Splines in the event submodel of stan_jm()

I have trouble including a spline transformation to one of the variables in the ‘event’ submodel of a stan_jm() joint model.

No issues with splines in the longitudinal submodel as you can see with the model specification below (using sample data/notation from stan_jm vignette)

mod1 <- stan_jm(formulaLong = logBili ~ sex + trt + bSpline(year,degree=3,knots=4) + (bSpline(year,degree=3,knots=4) | id), dataLong = pbcLong, formulaEvent = survival::Surv(futimeYears, death) ~ sex + trt + age, dataEvent = pbcSurv, cores=parallel::detectCores(), time_var = "year", assoc = NULL, chains = 2, refresh = 20, iter=5000, seed = 12345)

However, the code below which attempts to use a b-spline on the age covariate in the event submodel gives as error.

mod2 <- stan_jm(formulaLong = logBili ~ sex + trt + bSpline(year,degree=3,knots=4) + (bSpline(year,degree=3,knots=4) | id), dataLong = pbcLong, formulaEvent = survival::Surv(futimeYears, death) ~ sex + trt + bSpline(age,degree = 3,knot=3), dataEvent = pbcSurv, cores=parallel::detectCores(), time_var = "year", assoc = NULL, chains = 2, refresh = 20, iter=5000, seed = 12345)

This is the error message:

Error in rcpp_bSpline_basis(x = xx, df = df, degree = degree, internal_knots = knots, : Internal knots must be set inside of boundary knots.

I have tried to use other spline packages or polynomial transformation, all give different types of errors (splines, splines2, rms:rcs(), poly() etc.). Is there any way to work around this? Thank you!
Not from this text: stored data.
(* Let $n\ge 2$ and let $A\in\mathbb{R}^{n\times n}$ be the tridiagonal Toeplitz matrix with all diagonal entries equal to $b\ge 0$, all subdiagonal entries ($A_{i+1,i}$) equal to $a\ge 0$, all superdiagonal entries ($A_{i,i+1}$) equal to $c\ge0$, and all other entries zero, where $\max(a,c)>0$. Let $r(t):=r\big((1-t)A+tA^{\top}\big)$. Then on $t\in(0,1)$, $r(t)$ is concave in $t$, nondecreasing on $(0,1/2)$ and nonincreasing on $(1/2,1)$; moreover, when $a\neq c$, $r$ is strictly concave on $(0,1)$, strictly increasing on $(0,1/2)$, and strictly decreasing on $(1/2,1)$.
   Context: $r(M)$ denotes the spectral radius of a square matrix $M$. *)

theory Defs
  imports "HOL-Analysis.Convex" "Jordan_Normal_Form.Spectral_Radius"
begin

definition tridiag_toeplitz :: "nat \<Rightarrow> real \<Rightarrow> real \<Rightarrow> real \<Rightarrow> real mat" where
  "tridiag_toeplitz n a b c = mat n n (\<lambda>(i, j).
     if i = j then b else if i = j + 1 then a else if j = i + 1 then c else 0)"

definition real_spectral_radius :: "real mat \<Rightarrow> real" where
  "real_spectral_radius M = spectral_radius (map_mat complex_of_real M)"

definition strictly_concave_on :: "real set \<Rightarrow> (real \<Rightarrow> real) \<Rightarrow> bool" where
  "strictly_concave_on S f \<longleftrightarrow> convex S \<and>
     (\<forall>x\<in>S. \<forall>y\<in>S. x \<noteq> y \<longrightarrow> (\<forall>u. 0 < u \<and> u < 1 \<longrightarrow>
        f ((1 - u) * x + u * y) > (1 - u) * f x + u * f y))"

end

theory Submission
  imports Defs
begin

text \<open>
  The matrix \<open>(1 - t) A + t A\<^sup>T\<close> is again tridiagonal Toeplitz, with off-diagonal entries
  \<open>p(t) = (1 - t) a + t c\<close> and \<open>q(t) = (1 - t) c + t a\<close>. For \<open>p, q > 0\<close> its eigenvalues are
  \<open>b + 2 sqrt(p q) cos(k \<pi> / (n + 1))\<close>, \<open>k = 1, \<dots>, n\<close>, with eigenvectors
  \<open>(sqrt(p/q)^j sin((j + 1) k \<pi> / (n + 1)))\<^sub>j\<close>; hence
  \<open>r(t) = b + 2 cos(\<pi> / (n + 1)) sqrt(p(t) q(t))\<close> on \<open>(0, 1)\<close>. The geometric mean of two
  nonnegative affine functions is concave, and strictly so unless they are proportional, which for
  \<open>p\<close> and \<open>q\<close> happens exactly when \<open>a = c\<close>. Finally \<open>r(1 - t) = r(t)\<close>, and a (strictly)
  concave function symmetric about \<open>1/2\<close> is (strictly) monotone on either side of \<open>1/2\<close>.
\<close>

section \<open>Spectrum of tridiagonal Toeplitz matrices\<close>

definition tridiag_eigenvalue :: "nat \<Rightarrow> real \<Rightarrow> real \<Rightarrow> real \<Rightarrow> nat \<Rightarrow> real" where
  "tridiag_eigenvalue n a b c k = b + 2 * sqrt (a * c) * cos (real k * pi / real (n + 1))"

definition tridiag_eigenvector :: "nat \<Rightarrow> real \<Rightarrow> real \<Rightarrow> nat \<Rightarrow> real vec" where
  "tridiag_eigenvector n a c k =
     vec n (\<lambda>j. sqrt (a / c) ^ j * sin (real (j + 1) * (real k * pi / real (n + 1))))"

lemma dim_tridiag_toeplitz [simp]:
  "dim_row (tridiag_toeplitz n a b c) = n" "dim_col (tridiag_toeplitz n a b c) = n"
  by (simp_all add: tridiag_toeplitz_def)

lemma tridiag_toeplitz_carrier_mat [simp]: "tridiag_toeplitz n a b c \<in> carrier_mat n n"
  by (simp add: carrier_matI)

lemma tridiag_toeplitz_mult_vec_nth:
  assumes "i < n" and "v \<in> carrier_vec n"
  shows "(tridiag_toeplitz n a b c *\<^sub>v v) $ i =
    b * v $ i + (if 0 < i then a * v $ (i - 1) else 0) + (if i + 1 < n then c * v $ (i + 1) else 0)"
proof -
  have "(tridiag_toeplitz n a b c *\<^sub>v v) $ i =
      (\<Sum>j<n. (if i = j then b else if i = j + 1 then a else if j = i + 1 then c else 0) * v $ j)"
    using assms by (simp add: tridiag_toeplitz_def scalar_prod_def lessThan_atLeast0)
  also have "\<dots> = (\<Sum>j<n. (if j = i then b * v $ j else 0)
        + (if 0 < i \<and> j = i - 1 then a * v $ j else 0) + (if j = i + 1 then c * v $ j else 0))"
    by (rule sum.cong) auto
  also have "\<dots> = b * v $ i + (if 0 < i then a * v $ (i - 1) else 0)
        + (if i + 1 < n then c * v $ (i + 1) else 0)"
    using assms by (simp add: sum.distrib)
  finally show ?thesis .
qed

lemma tridiag_eigenvector_equation:
  fixes a c \<theta> :: real and i n :: nat
  assumes "a > 0" and "c > 0" and "i < n" and "sin (real (n + 1) * \<theta>) = 0"
  defines "x \<equiv> \<lambda>j::nat. sqrt (a / c) ^ j * sin (real (j + 1) * \<theta>)"
  shows "b * x i + (if 0 < i then a * x (i - 1) else 0) + (if i + 1 < n then c * x (i + 1) else 0)
    = (b + 2 * sqrt (a * c) * cos \<theta>) * x i"
  \<comment> \<open>The omitted boundary terms would be \<open>x (-1)\<close>, containing \<open>sin 0\<close>, and \<open>x n\<close>,
    containing \<open>sin ((n + 1) \<theta>) = 0\<close>.\<close>
proof -
  define s where "s = sqrt (a * c)"
  define \<rho> where "\<rho> = sqrt (a / c)"
  have a_eq: "a = s * \<rho>"
    using assms(1,2) by (simp add: s_def \<rho>_def real_sqrt_mult[symmetric] real_sqrt_mult_self)
  have "\<rho> > 0" "\<rho> * \<rho> = a / c"
    using assms(1,2) by (simp_all add: \<rho>_def)
  then have "(c * \<rho>) * \<rho> = s * \<rho>"
    using a_eq assms(2) by (simp add: mult.assoc)
  then have c_eq: "c * \<rho> = s"
    using \<open>\<rho> > 0\<close> by simp
  have x_eq: "x j = \<rho> ^ j * sin (real (j + 1) * \<theta>)" for j
    by (simp add: x_def \<rho>_def)
  have left: "(if 0 < i then a * x (i - 1) else 0) = s * \<rho> ^ i * sin (real i * \<theta>)"
    by (cases i) (simp_all add: x_eq a_eq)
  have right: "(if i + 1 < n then c * x (i + 1) else 0) = s * \<rho> ^ i * sin (real (i + 2) * \<theta>)"
  proof (cases "i + 1 < n")
    case True
    then show ?thesis by (simp add: x_eq c_eq[symmetric] algebra_simps)
  next
    case False
    then have "i + 2 = n + 1" using assms(3) by simp
    then have "sin (real (i + 2) * \<theta>) = 0" by (simp only: assms(4))
    with False show ?thesis by simp
  qed
  have "real i * \<theta> = real (i + 1) * \<theta> - \<theta>" "real (i + 2) * \<theta> = real (i + 1) * \<theta> + \<theta>"
    by (simp_all add: algebra_simps)
  then have sum_to_product:
    "sin (real i * \<theta>) + sin (real (i + 2) * \<theta>) = 2 * sin (real (i + 1) * \<theta>) * cos \<theta>"
    by (simp only: sin_add sin_diff)
  have "s * \<rho> ^ i * sin (real i * \<theta>) + s * \<rho> ^ i * sin (real (i + 2) * \<theta>)
      = s * \<rho> ^ i * (sin (real i * \<theta>) + sin (real (i + 2) * \<theta>))"
    by (simp only: distrib_left)
  also have "\<dots> = 2 * s * cos \<theta> * x i"
    unfolding sum_to_product x_eq by (simp only: mult_ac)
  finally show ?thesis
    unfolding left right s_def[symmetric] by (simp add: distrib_right)
qed

lemma tridiag_toeplitz_eigenvector:
  assumes "a > 0" and "c > 0" and k: "k \<in> {1..n}"
  shows "eigenvector (tridiag_toeplitz n a b c) (tridiag_eigenvector n a c k)
           (tridiag_eigenvalue n a b c k)"
proof -
  define \<theta> where "\<theta> = real k * pi / real (n + 1)"
  define x where "x = (\<lambda>j::nat. sqrt (a / c) ^ j * sin (real (j + 1) * \<theta>))"
  define v where "v = tridiag_eigenvector n a c k"
  have v: "v \<in> carrier_vec n" by (simp add: v_def tridiag_eigenvector_def)
  have v_nth: "v $ j = x j" if "j < n" for j
    using that by (simp add: v_def tridiag_eigenvector_def x_def \<theta>_def)
  have "real k * pi < real (n + 1) * pi" using k by (intro mult_strict_right_mono) auto
  then have "0 < \<theta>" "\<theta> < pi"
    using k by (auto simp: \<theta>_def divide_less_eq)
  then have "v $ 0 \<noteq> 0"
    using k sin_gt_zero[of \<theta>] by (simp add: v_nth x_def)
  then have "v \<noteq> 0\<^sub>v n" using k by auto
  have eigenvalue_eq: "tridiag_eigenvalue n a b c k = b + 2 * sqrt (a * c) * cos \<theta>"
    by (simp add: tridiag_eigenvalue_def \<theta>_def)
  have sin_node: "sin (real (n + 1) * \<theta>) = 0"
    by (simp add: \<theta>_def sin_zero_iff_int2)
  have "(tridiag_toeplitz n a b c *\<^sub>v v) $ i = (tridiag_eigenvalue n a b c k \<cdot>\<^sub>v v) $ i"
    if i: "i < n" for i
  proof -
    have "(tridiag_toeplitz n a b c *\<^sub>v v) $ i
        = b * x i + (if 0 < i then a * x (i - 1) else 0) + (if i + 1 < n then c * x (i + 1) else 0)"
      using i by (simp only: tridiag_toeplitz_mult_vec_nth[OF i v]) (simp add: v_nth)
    also have "\<dots> = tridiag_eigenvalue n a b c k * x i"
      unfolding x_def eigenvalue_eq by (rule tridiag_eigenvector_equation[OF assms(1,2) i sin_node])
    finally show ?thesis using i v by (simp add: v_nth)
  qed
  then have "tridiag_toeplitz n a b c *\<^sub>v v = tridiag_eigenvalue n a b c k \<cdot>\<^sub>v v"
    using v by (intro eq_vecI) auto
  with v \<open>v \<noteq> 0\<^sub>v n\<close> show ?thesis by (simp add: eigenvector_def v_def)
qed
(* Let $Q$ be a quadrilateral in $K^2$. (1) The midpoint $\mathrm{mid}_Q(\ell)$ is finite (not at infinity) for all bisectors $\ell$ of $Q$. (2) A line $\ell$ passing through a vertex of $Q$ bisects $Q$ if and only if it is a side of $Q$ or a diagonal of $Q$. (3) Two distinct parallel lines are bisectors of $Q$ if and only if these lines are parallel to a pair of parallel sides of $Q$ or to the diagonals of $Q$ when these are parallel. (4) All lines parallel to a pair of parallel sides of $Q$, or to the diagonals of $Q$ when these are parallel, bisect $Q$.
   Context: $K$ is a field of characteristic $\neq 2$; we work in $K^2$ inside the projective plane. A quadrilateral $Q=ABA'B'$ consists of four distinct lines $A,B,A',B'$ (sides), not all through one point, with adjacent sides ($A,B$; $B,A'$; $A',B'$; $B',A$) not parallel; opposite sides ($A,A'$; $B,B'$) may be parallel. Vertices: $A\cap B$, $B\cap A'$, $A'\cap B'$, $B'\cap A$ (two may coincide if three sides are concurrent). Diagonals: the lines through nonadjacent vertices. Here "parallel to" a line includes being equal to it. A line $\ell$ crosses a pair $\{\ell_1,\ell_2\}$ if it is distinct from both and not parallel to both; $\mathrm{mid}_{\{\ell_1,\ell_2\}}(\ell)$ is the midpoint of the points where $\ell$ meets $\ell_1,\ell_2$, defined to be the point at infinity of $\ell$ if one of these points is at infinity. $\ell$ bisects $Q$ (is a bisector of $Q$) if $\mathrm{mid}_{\mathsf P}(\ell)$ is the same for all pairs $\mathsf P$ among $\{A,A'\},\{B,B'\}$ that $\ell$ crosses; this common point is $\mathrm{mid}_Q(\ell)$, the midpoint of the bisector. *)

theory Defs
  imports Main
begin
Hi @clairvoyant. Hmm, yeah sorry, this isn’t really something I had envisioned at the outset, and so probably didn’t think to implement it or check that it worked. But now that you bring it up, transformations inside the event model formula should have been something I considered, but unfortunately they weren’t.

The bSpline example seems to be throwing that error for some reason outside of stan_jm. For example just running:

splines2::bSpline(pbcSurv$age, degree = 3, knots = 3)

throws the same error about Internal knots must be set inside of boundary knots.

But you are right that stan_jm also fails for other spline functions.

For example, using splines::bs() I get an error about age not being found. Which is likely to be an error coming from stan_jm due to (re-)evaluating the formula somewhere without the correct evaluation environment. Most likely, I am trying to re-evaluate the model formula against model frame, which already has the evaluated spline basis terms for age rather than the age variable itself, hence why it complains about age not being found.

This is something that would probably take a bit of time to resolve, so I’m not sure I’d be able to fix/add it anytime soon.

One hacky way to get around this might be to calculate your spline basis terms outside of stan_jm, since those basis terms and/or their knot locations are not dependent on time (I say that because time – i.e . the time_var variable – is a very special covariate in stan_jm, that has special internal handling, whereas something like sex, trt, or age isn’t). So you can decide on your knot locations for age and build the basis functions outside of stan_jm, then pass those basis terms in as separate covariates. It might be a bit clunky later on when trying to generate predictions (since you’d have to calculate the basis terms for the age covariate in the predictions as well) but I think it would work - just be careful to use the same knot locations when generating the age basis terms in the predictions.

Something like:

library(rstanarm)
library(splines)

basis_terms <- splines::bs(pbcSurv$age, degree = 3, df = 4)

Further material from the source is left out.